Kumar is a young and rich doctor who falls in love with the housemaid, Selvathaal. But his mother does not like their love affair and she chases away the housemaid. In the meantime, Kumar's sister falls in love with Kumar's friend Gopi. Selvathal becomes an actor with a new name, Manorama. Kumar and Gopi go in search of Selvathal. Another person is after the actor. He kidnaps her and places her in a hideout.

== Cast ==

- Male cast
- Naalvar Nagarajan as Kumar
- M. N. Nambiar as Gopi
- S. A. Natarajan as Raja
- K. V. Srinivasan as Balu
- V. M. Ezhumalai as Va. Mu. Kazhugumalai
- A. Karunanidhi as Mani
- T. S. Loganathan as Mangalakaram Pillai
- K. N. Kaleswaran as Kalai
- S. R. Dasarathan as Groom
- Male Support cast
- A. R. Dhamotharam, M. M. A. Chinnapa,
N. P. Noor Mohammed, R. Sathyendran, P. S. Marimuthu,
R. T. Kurunathan, C. R. Raju, and Gauthama Das.

- Female cast
- B. S. Saroja as Selva
- P. R. Sulochana as Lakshmi
- S. Mohana as Nalina
- C. T. Rajakantham as Vadivambal
- P. S. Gnanam as Jagathambal
- Rushyendramani as Queen Mangammal
- P. Kanaka as Roopayi
- Vijayakumari as Bride
- Female Support cast
- Shanthammal, Komathi

== Production ==
The film was produced by M. A. Venu under the banner M. A. V. Pictures. K. Somu directed the film. It was made at Central Studios Coimbatore.

== Soundtrack ==
Music was composed by K. V. Mahadevan.

Song: Singers; Lyrics; Length
"Nalla Kaalam Porandhiduchu": T. M. Soundararajan & group; Ka.

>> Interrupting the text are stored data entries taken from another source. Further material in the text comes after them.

lemma antimono_ratio_single_sign_change:
  fixes A C :: "nat \<Rightarrow> real"
  assumes A_pos: "\<And>n. A n > 0"
    and ratio_antimono: "\<And>n. C (Suc n) / A (Suc n) \<le> C n / A n"
    and "\<exists>n. C n - l * A n < 0"
  obtains N where "\<And>n. n < N \<Longrightarrow> C n - l * A n \<ge> 0" "\<And>n. N \<le> n \<Longrightarrow> C n - l * A n < 0"
proof
  define N where "N = (LEAST n. C n - l * A n < 0)"
  have sign: "C n - l * A n < 0 \<longleftrightarrow> C n / A n < l" for n
    using A_pos[of n] by (simp add: divide_less_eq)
  show "C n - l * A n \<ge> 0" if "n < N" for n
    using not_less_Least[OF that[unfolded N_def]] by simp
  have "C N / A N < l"
    unfolding N_def sign [symmetric] using assms(3) by (rule LeastI_ex)
  moreover have "decseq (\<lambda>n. C n / A n)"
    using ratio_antimono by (rule decseq_SucI)
  then have "C n / A n \<le> C N / A N" if "N \<le> n" for n
    using decseqD[OF _ that] by blast
  ultimately show "C n - l * A n < 0" if "N \<le> n" for n
    using that sign by fastforce
qed

lemma powser_ratio_strict_antimono_on:
  fixes A C :: "nat \<Rightarrow> real"
  assumes A_pos: "\<And>n. A n > 0"
    and ratio_antimono: "\<And>n. C (Suc n) / A (Suc n) \<le> C n / A n"
    and ratio_nonconst: "C m / A m \<noteq> C k / A k"
    and summable_A: "\<And>x. 0 < x \<Longrightarrow> x < r \<Longrightarrow> summable (\<lambda>n. A n * x ^ n)"
    and summable_C: "\<And>x. 0 < x \<Longrightarrow> x < r \<Longrightarrow> summable (\<lambda>n. C n * x ^ n)"
  shows "strict_antimono_on {0<..<r} (\<lambda>x. (\<Sum>n. C n * x ^ n) / (\<Sum>n. A n * x ^ n))"
  unfolding monotone_on_def
proof (intro ballI impI)
  fix x y :: real assume x: "x \<in> {0<..<r}" and y: "y \<in> {0<..<r}" and "x < y"
  define l where "l = (\<Sum>n. C n * x ^ n) / (\<Sum>n. A n * x ^ n)"
  define s where "s n = C n - l * A n" for n
  have s_sums: "(\<lambda>n. s n * z ^ n) sums ((\<Sum>n. C n * z ^ n) - l * (\<Sum>n. A n * z ^ n))"
    if "0 < z" "z < r" for z
  proof -
    have "(\<lambda>n. C n * z ^ n - l * (A n * z ^ n)) sums ((\<Sum>n. C n * z ^ n) - l * (\<Sum>n. A n * z ^ n))"
      using that by (intro sums_diff sums_mult summable_sums summable_A summable_C)
    then show ?thesis by (simp add: s_def left_diff_distrib mult.assoc)
  qed
  have A_sum_pos: "(\<Sum>n. A n * z ^ n) > 0" if "0 < z" "z < r" for z
    using that A_pos by (intro suminf_pos summable_A) auto
  have sx: "(\<lambda>n. s n * x ^ n) sums 0"
    using s_sums[of x] A_sum_pos[of x] x unfolding l_def by simp
  have "\<exists>n. C n - l * A n < 0"
  proof (rule ccontr)
    assume "\<not> (\<exists>n. C n - l * A n < 0)"
    then have "s n * x ^ n = 0" for n
      using suminf_eq_zero_iff[of "\<lambda>n. s n * x ^ n"] sx x by (simp add: s_def sums_iff not_less)
    then have "C n / A n = l" for n
      using A_pos[of n] x by (simp add: s_def field_simps)
    with ratio_nonconst show False by simp
  qed
  then obtain N where nonneg: "\<And>n. n < N \<Longrightarrow> s n \<ge> 0" and neg: "\<And>n. N \<le> n \<Longrightarrow> s n < 0"
    unfolding s_def by (rule antimono_ratio_single_sign_change[of A C l, OF A_pos ratio_antimono]) auto
  have "(\<Sum>n. s n * y ^ n) < 0"
    using x \<open>x < y\<close> sums_summable[OF sx] sums_summable[OF s_sums[of y]] y
      sums_unique[OF sx, symmetric] nonneg neg
    by (intro powser_neg_of_sign_change[where N = N]) auto
  then have "(\<Sum>n. C n * y ^ n) < l * (\<Sum>n. A n * y ^ n)"
    using s_sums[of y] y by (simp add: sums_iff)
  moreover have "(\<Sum>n. A n * y ^ n) > 0"
    using A_sum_pos y by simp
  ultimately show "(\<Sum>n. C n * y ^ n) / (\<Sum>n. A n * y ^ n) < l"
    by (simp add: divide_less_eq)
qed

lemma sums_neg_ln_one_minus:
  fixes x :: real
  assumes "\<bar>x\<bar> < 1"
  shows "(\<lambda>n. x ^ n / real n) sums (- ln (1 - x))"
  \<comment> \<open>the term for \<open>n = 0\<close> is \<open>1 / 0 = 0\<close>\<close>
  using sums_minus[OF ln_series'[of "-x"]] assms by simp

section \<open>Gamma and Beta\<close>

lemma Gamma_plus1_real: "x > 0 \<Longrightarrow> Gamma (x + 1) = x * Gamma (x :: real)"
  by (rule Gamma_plus1) (auto elim!: nonpos_Ints_cases)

Mu. Sheriff; 03:31
"Vaazhvadhu Ponaalum": T. M. Soundararajan; 02:00
"Thottatthu Rojaa Malarndhadhu Raajaa": Jikki; 03:21
"Dhiname Unai Ninaindhu": 03:17
"Ottumiru Ullanthanai Vettuvathu": (Radha) Jayalakshmi; A. Maruthakasi; 02:32
"Ninaitthaaley Inbam Tharum": 02:55
"Koojaa Koojaa": T. M. Soundararajan & K. R. Sellamuthu; 02:52

== Reception ==
The Hindu wrote, "Nagarajan, in the leading role, gives a performance beautiful in its delicacy. The playing in general is impressive".